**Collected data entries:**
%%

(* If a quadrilateral $q$ is $\frac{\pi}{12}$-near square and has a right angle adjacent to an acute angle, then $q$ has a periodic billiard path.
   Context: A quadrilateral is cut by a diagonal into two triangles. Its parameters $(a_1,a_2,a_3,a_4)$ are the four angles that the diagonal makes with the four sides (the angles of the two triangles at the endpoints of the diagonal). For $\varepsilon>0$, the quadrilateral is $\varepsilon$-near square if $|a_i-\pi/4|<\varepsilon$ for all $i$. A billiard path is a straight-line trajectory inside the polygon that reflects off the sides with angle of incidence equal to angle of reflection. Trajectories hitting vertices are excluded. It is periodic if it repeats itself. *)

theory Defs
  imports "HOL-Analysis.Analysis"
begin

text \<open>Points of the Euclidean plane are modelled as complex numbers.
  A quadrilateral is given by its four vertices A B C D in cyclic order,
  cut by the diagonal AC into the triangles ABC and ACD.\<close>

definition vang :: "complex \<Rightarrow> complex \<Rightarrow> real" where
  "vang u v = arccos ((u \<bullet> v) / (norm u * norm v))"

definition cross :: "complex \<Rightarrow> complex \<Rightarrow> real" where
  "cross u v = Im (cnj u * v)"

text \<open>A B C D is a quadrilateral cut by the diagonal AC into two (nondegenerate)
  triangles: B and D lie strictly on opposite sides of the line AC.\<close>
definition quadrilateral :: "complex \<Rightarrow> complex \<Rightarrow> complex \<Rightarrow> complex \<Rightarrow> bool" where
  "quadrilateral A B C D \<longleftrightarrow> cross (C - A) (B - A) * cross (C - A) (D - A) < 0"

text \<open>The four parameters: angles of the triangles ABC and ACD at the
  endpoints A, C of the diagonal, i.e. the angles the diagonal makes with the
  sides AB, CB, CD, AD.\<close>
definition quad_params :: "complex \<Rightarrow> complex \<Rightarrow> complex \<Rightarrow> complex \<Rightarrow> real list" where
  "quad_params A B C D =
     [vang (B - A) (C - A), vang (B - C) (A - C), vang (D - C) (A - C), vang (D - A) (C - A)]"

definition near_square :: "real \<Rightarrow> complex \<Rightarrow> complex \<Rightarrow> complex \<Rightarrow> complex \<Rightarrow> bool" where
  "near_square \<epsilon> A B C D \<longleftrightarrow> (\<forall>a \<in> set (quad_params A B C D). \<bar>a - pi / 4\<bar> < \<epsilon>)"

text \<open>Interior angles at A, B, C, D (in cyclic order). At the endpoints of the
  diagonal the interior angle is the sum of the two triangle angles.\<close>
definition interior_angles :: "complex \<Rightarrow> complex \<Rightarrow> complex \<Rightarrow> complex \<Rightarrow> real list" where
  "interior_angles A B C D =
     [vang (B - A) (C - A) + vang (D - A) (C - A),
      vang (A - B) (C - B),
      vang (B - C) (A - C) + vang (D - C) (A - C),
      vang (A - D) (C - D)]"

definition right_adj_acute :: "complex \<Rightarrow> complex \<Rightarrow> complex \<Rightarrow> complex \<Rightarrow> bool" where
  "right_adj_acute A B C D \<longleftrightarrow>
     (\<exists>i < 4. let x = interior_angles A B C D ! i;
                  y = interior_angles A B C D ! ((i + 1) mod 4)
              in (x = pi / 2 \<and> y < pi / 2) \<or> (y = pi / 2 \<and> x < pi / 2))"

definition quad_region :: "complex \<Rightarrow> complex \<Rightarrow> complex \<Rightarrow> complex \<Rightarrow> complex set" where
  "quad_region A B C D = convex hull {A, B, C} \<union> convex hull {A, C, D}"

definition quad_sides :: "complex \<Rightarrow> complex \<Rightarrow> complex \<Rightarrow> complex \<Rightarrow> (complex \<times> complex) set" where
  "quad_sides A B C D = {(A, B), (B, C), (C, D), (D, A)}"

definition reflect_dir :: "complex \<Rightarrow> complex \<Rightarrow> complex" where
  "reflect_dir s v = (2 * (v \<bullet> s) / (s \<bullet> s)) *\<^sub>R s - v"

text \<open>A periodic billiard path: a periodic sequence of bounce points p i, each in
  the relative interior of a side (so no vertex is hit), consecutive points joined
  by straight segments running through the interior of the quadrilateral, and at
  each bounce the angle of incidence equals the angle of reflection (the outgoing
  unit direction is the mirror image of the incoming one in the side).\<close>
definition has_periodic_billiard_path :: "complex \<Rightarrow> complex \<Rightarrow> complex \<Rightarrow> complex \<Rightarrow> bool" where
  "has_periodic_billiard_path A B C D \<longleftrightarrow>
     (\<exists>(p :: nat \<Rightarrow> complex) (n :: nat). n > 0 \<and>
        (\<forall>i. p (i + n) = p i) \<and>
        (\<forall>i. p i \<noteq> p (Suc i)) \<and>
        (\<forall>i. open_segment (p i) (p (Suc i)) \<subseteq> interior (quad_region A B C D)) \<and>
        (\<forall>i. \<exists>(X, Y) \<in> quad_sides A B C D.
              p (Suc i) \<in> open_segment X Y \<and>
              (p (Suc (Suc i)) - p (Suc i)) /\<^sub>R norm (p (Suc (Suc i)) - p (Suc i)) =
                reflect_dir (Y - X) ((p (Suc i) - p i) /\<^sub>R norm (p (Suc i) - p i))))"

end

theory Submission
  imports Defs
begin

text \<open>Send the diagonal to the segment from 0 to 1. Let the right angle sit at X with the acute
  angle at the neighbour Y, and let Z be the vertex opposite X. A ray leaving YZ perpendicularly
  towards XY reflects off XY and then off the other side XW through X; reflections in the
  perpendicular lines XY and XW compose to a half turn, so the ray comes back perpendicular to
  YZ and then retraces its path, an orbit of period six. Such a ray fits into the quadrilateral
  as soon as the foot of the perpendicular from X to the line YZ lies strictly inside YZ, that
  is, when the angles at Y and at Z of the triangle XYZ are acute. If X is an endpoint of the
  diagonal, the angle at Z is one of the diagonal angles, which all lie in (\<pi>/6, \<pi>/3). If X
  is one of the other two vertices, it lies on the circle over the diagonal, and the angle at Z
  is acute by a short estimate from the same bounds.\<close>

section \<open>Billiard paths in a region of the plane\<close>

lemma inner_mult_both: "(k * a) \<bullet> (k * b) = (cmod k)\<^sup>2 * (a \<bullet> b)"
  by (simp only: cmod_power2) (simp add: inner_complex_def algebra_simps power2_eq_square)

lemma inner_cnj: "cnj a \<bullet> cnj b = a \<bullet> b"
  by (simp add: inner_complex_def)

lemma reflect_dir_scaleR: "reflect_dir s (c *\<^sub>R v) = c *\<^sub>R reflect_dir s v"
  by (simp add: reflect_dir_def algebra_simps)

lemma reflect_dir_minus: "reflect_dir s (- v) = - reflect_dir s v"
  using reflect_dir_scaleR[of s "-1" v] by simp

lemma reflect_dir_minus_dir: "reflect_dir (- s) v = reflect_dir s v"
  by (simp add: reflect_dir_def)

lemma reflect_dir_involution: "s \<noteq> 0 \<Longrightarrow> reflect_dir s (reflect_dir s v) = v"
  by (simp add: reflect_dir_def inner_diff_left inner_scaleR_left algebra_simps)

lemma reflect_dir_orthogonal: "v \<bullet> s = 0 \<Longrightarrow> reflect_dir s v = - v"
  by (simp add: reflect_dir_def)

lemma reflect_dir_one: "reflect_dir 1 v = cnj v"
  by (simp add: reflect_dir_def inner_complex_def complex_eq_iff)

lemma reflect_dir_imaginary: "Re s = 0 \<Longrightarrow> s \<noteq> 0 \<Longrightarrow> reflect_dir s v = - cnj v"
  by (simp add: reflect_dir_def inner_complex_def complex_eq_iff power2_eq_square)

lemma norm_reflect_dir: "s \<noteq> 0 \<Longrightarrow> norm (reflect_dir s v) = norm v"
  by (simp add: norm_eq_sqrt_inner reflect_dir_def inner_diff_left inner_diff_right
      inner_commute power2_eq_square field_simps)

lemma sgn_reflect_dir:
  assumes "s \<noteq> 0" "0 < l" "w = l *\<^sub>R reflect_dir s v"
  shows "sgn w = reflect_dir s (sgn v)"
  using assms by (simp add: sgn_div_norm norm_reflect_dir reflect_dir_scaleR)

lemma reflect_dir_mult: "reflect_dir (k * s) (k * v) = k * reflect_dir s v"
proof (cases "k = 0")
  case False
  then show ?thesis
    by (simp add: reflect_dir_def inner_mult_both scaleR_conv_of_real right_diff_distrib
        mult.left_commute)
qed (simp add: reflect_dir_def)

lemma reflect_dir_cnj: "reflect_dir (cnj s) (cnj v) = cnj (reflect_dir s v)"
  by (simp add: reflect_dir_def inner_complex_def complex_eq_iff)

definition billiard_bounce :: "(complex \<times> complex) set \<Rightarrow> complex \<Rightarrow> complex \<Rightarrow> complex \<Rightarrow> bool"
  where "billiard_bounce sides p q r \<longleftrightarrow>
    (\<exists>(X, Y) \<in> sides. q \<in> open_segment X Y \<and> sgn (r - q) = reflect_dir (Y - X) (sgn (q - p)))"

definition periodic_billiard :: "complex set \<Rightarrow> (complex \<times> complex) set \<Rightarrow> bool"
  where "periodic_billiard S sides \<longleftrightarrow>
    (\<exists>(p :: nat \<Rightarrow> complex) n. n > 0 \<and> (\<forall>i. p (i + n) = p i) \<and> (\<forall>i. p i \<noteq> p (Suc i)) \<and>
      (\<forall>i. open_segment (p i) (p (Suc i)) \<subseteq> interior S) \<and>
      (\<forall>i. billiard_bounce sides (p i) (p (Suc i)) (p (Suc (Suc i)))))"

lemma has_periodic_billiard_path_iff:
  "has_periodic_billiard_path A B C D \<longleftrightarrow> periodic_billiard (quad_region A B C D) (quad_sides A B C D)"
  by (simp add: has_periodic_billiard_path_def periodic_billiard_def billiard_bounce_def sgn_div_norm)

lemma billiard_bounce_reverse:
  assumes "billiard_bounce sides p q r"
  shows "billiard_bounce sides r q p"
proof -
  obtain X Y where XY: "(X, Y) \<in> sides" "q \<in> open_segment X Y"
    and law: "sgn (r - q) = reflect_dir (Y - X) (sgn (q - p))"
    using assms by (auto simp: billiard_bounce_def)
  have "Y - X \<noteq> 0" using XY(2) by auto
  then have "sgn (q - p) = reflect_dir (Y - X) (sgn (r - q))"
    by (simp add: law reflect_dir_involution)
  then have "sgn (p - q) = reflect_dir (Y - X) (sgn (q - r))"
    by (metis minus_diff_eq sgn_minus reflect_dir_minus)
  then show ?thesis using XY by (auto simp: billiard_bounce_def)
qed

lemma billiard_bounce_orthogonal:
  assumes "(X, Y) \<in> sides" "q \<in> open_segment X Y" "(q - p) \<bullet> (Y - X) = 0"
  shows "billiard_bounce sides p q p"
proof -
  have "sgn (q - p) \<bullet> (Y - X) = 0" using assms(3) by (simp add: sgn_div_norm)
  then have "sgn (p - q) = reflect_dir (Y - X) (sgn (q - p))"
    by (simp add: reflect_dir_orthogonal flip: sgn_minus)
  then show ?thesis using assms(1,2) by (auto simp: billiard_bounce_def)
qed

%%

**WHAT THIS TASK INVOLVES:**
Scan the records above for the string "assumes", then select every line that holds it.

**WRITTEN SOLUTION:**
  assumes "s \<noteq> 0" "0 < l" "w = l *\<^sub>R reflect_dir s v"
  assumes "billiard_bounce sides p q r"
  assumes "(X, Y) \<in> sides" "q \<in> open_segment X Y" "(q - p) \<bullet> (Y - X) = 0"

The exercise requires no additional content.